== Data
lemma ex_le: "\<sigma> \<in> LP m \<Longrightarrow> ex m \<sigma> \<le> m"
proof (induction m arbitrary: \<sigma>)
  case 0
  then show ?case by (simp add: LP_0 ex_def)
next
  case (Suc m)
  define \<pi> where "\<pi> = parent (Suc m) \<sigma>"
  have \<pi>: "\<pi> \<in> LP m" using parent_in_LP[OF Suc.prems] by (simp add: \<pi>_def)
  have "ex (Suc m) \<sigma> \<le> Suc (ex m \<pi>)"
  proof (cases "is_plus (Suc m) \<sigma>")
    case True
    then have "\<sigma> = plus (Suc m) \<pi>" unfolding is_plus_def \<pi>_def .
    then show ?thesis using ex_plus[OF \<pi>] by simp
  next
    case False
    then show ?thesis using ex_le_ex_parent[OF Suc.prems] by (simp add: \<pi>_def)
  qed
  then show ?case using Suc.IH[OF \<pi>] by simp
qed

lemma LP_1: "LP 1 = {plus 1 {}}"
proof -
  have "\<sigma> = plus 1 {}" if "\<sigma> \<in> LP 1" for \<sigma>
  proof (rule ccontr)
    assume "\<sigma> \<noteq> plus 1 {}"
    moreover have "parent 1 \<sigma> = {}" using parent_in_LP[of \<sigma> 0] that by (simp add: LP_0)
    ultimately have "ex 1 \<sigma> \<le> ex 0 {}" using ex_le_ex_parent[of \<sigma> 0] that by (simp add: is_plus_def)
    then show False using ex_pos[of \<sigma> 0] that by (simp add: ex_def)
  qed
  moreover have "plus 1 {} \<in> LP 1" using plus_in_LP[of "{}" 0] by (simp add: LP_0)
  ultimately show ?thesis by blast
qed

lemma finite_LP: "finite (LP m)"
proof (rule finite_subset)
  show "LP m \<subseteq> Pow (Pow {..<2*m})"
  proof
    fix \<sigma> assume "\<sigma> \<in> LP m"
    then have "p \<subseteq> {..<2*m}" if "p \<in> \<sigma>" for p using LP_link[OF _ that] by blast
    then show "\<sigma> \<in> Pow (Pow {..<2*m})" by auto
  qed
qed simp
====
What you should do =>
Set down the records above once more, exactly as given.

Task output =>
lemma ex_le: "\<sigma> \<in> LP m \<Longrightarrow> ex m \<sigma> \<le> m"
proof (induction m arbitrary: \<sigma>)
  case 0
  then show ?case by (simp add: LP_0 ex_def)
next
  case (Suc m)
  define \<pi> where "\<pi> = parent (Suc m) \<sigma>"
  have \<pi>: "\<pi> \<in> LP m" using parent_in_LP[OF Suc.prems] by (simp add: \<pi>_def)
  have "ex (Suc m) \<sigma> \<le> Suc (ex m \<pi>)"
  proof (cases "is_plus (Suc m) \<sigma>")
    case True
    then have "\<sigma> = plus (Suc m) \<pi>" unfolding is_plus_def \<pi>_def .
    then show ?thesis using ex_plus[OF \<pi>] by simp
  next
    case False
    then show ?thesis using ex_le_ex_parent[OF Suc.prems] by (simp add: \<pi>_def)
  qed
  then show ?case using Suc.IH[OF \<pi>] by simp
qed

lemma LP_1: "LP 1 = {plus 1 {}}"
proof -
  have "\<sigma> = plus 1 {}" if "\<sigma> \<in> LP 1" for \<sigma>
  proof (rule ccontr)
    assume "\<sigma> \<noteq> plus 1 {}"
    moreover have "parent 1 \<sigma> = {}" using parent_in_LP[of \<sigma> 0] that by (simp add: LP_0)
    ultimately have "ex 1 \<sigma> \<le> ex 0 {}" using ex_le_ex_parent[of \<sigma> 0] that by (simp add: is_plus_def)
    then show False using ex_pos[of \<sigma> 0] that by (simp add: ex_def)
  qed
  moreover have "plus 1 {} \<in> LP 1" using plus_in_LP[of "{}" 0] by (simp add: LP_0)
  ultimately show ?thesis by blast
qed

lemma finite_LP: "finite (LP m)"
proof (rule finite_subset)
  show "LP m \<subseteq> Pow (Pow {..<2*m})"
  proof
    fix \<sigma> assume "\<sigma> \<in> LP m"
    then have "p \<subseteq> {..<2*m}" if "p \<in> \<sigma>" for p using LP_link[OF _ that] by blast
    then show "\<sigma> \<in> Pow (Pow {..<2*m})" by auto
  qed
qed simp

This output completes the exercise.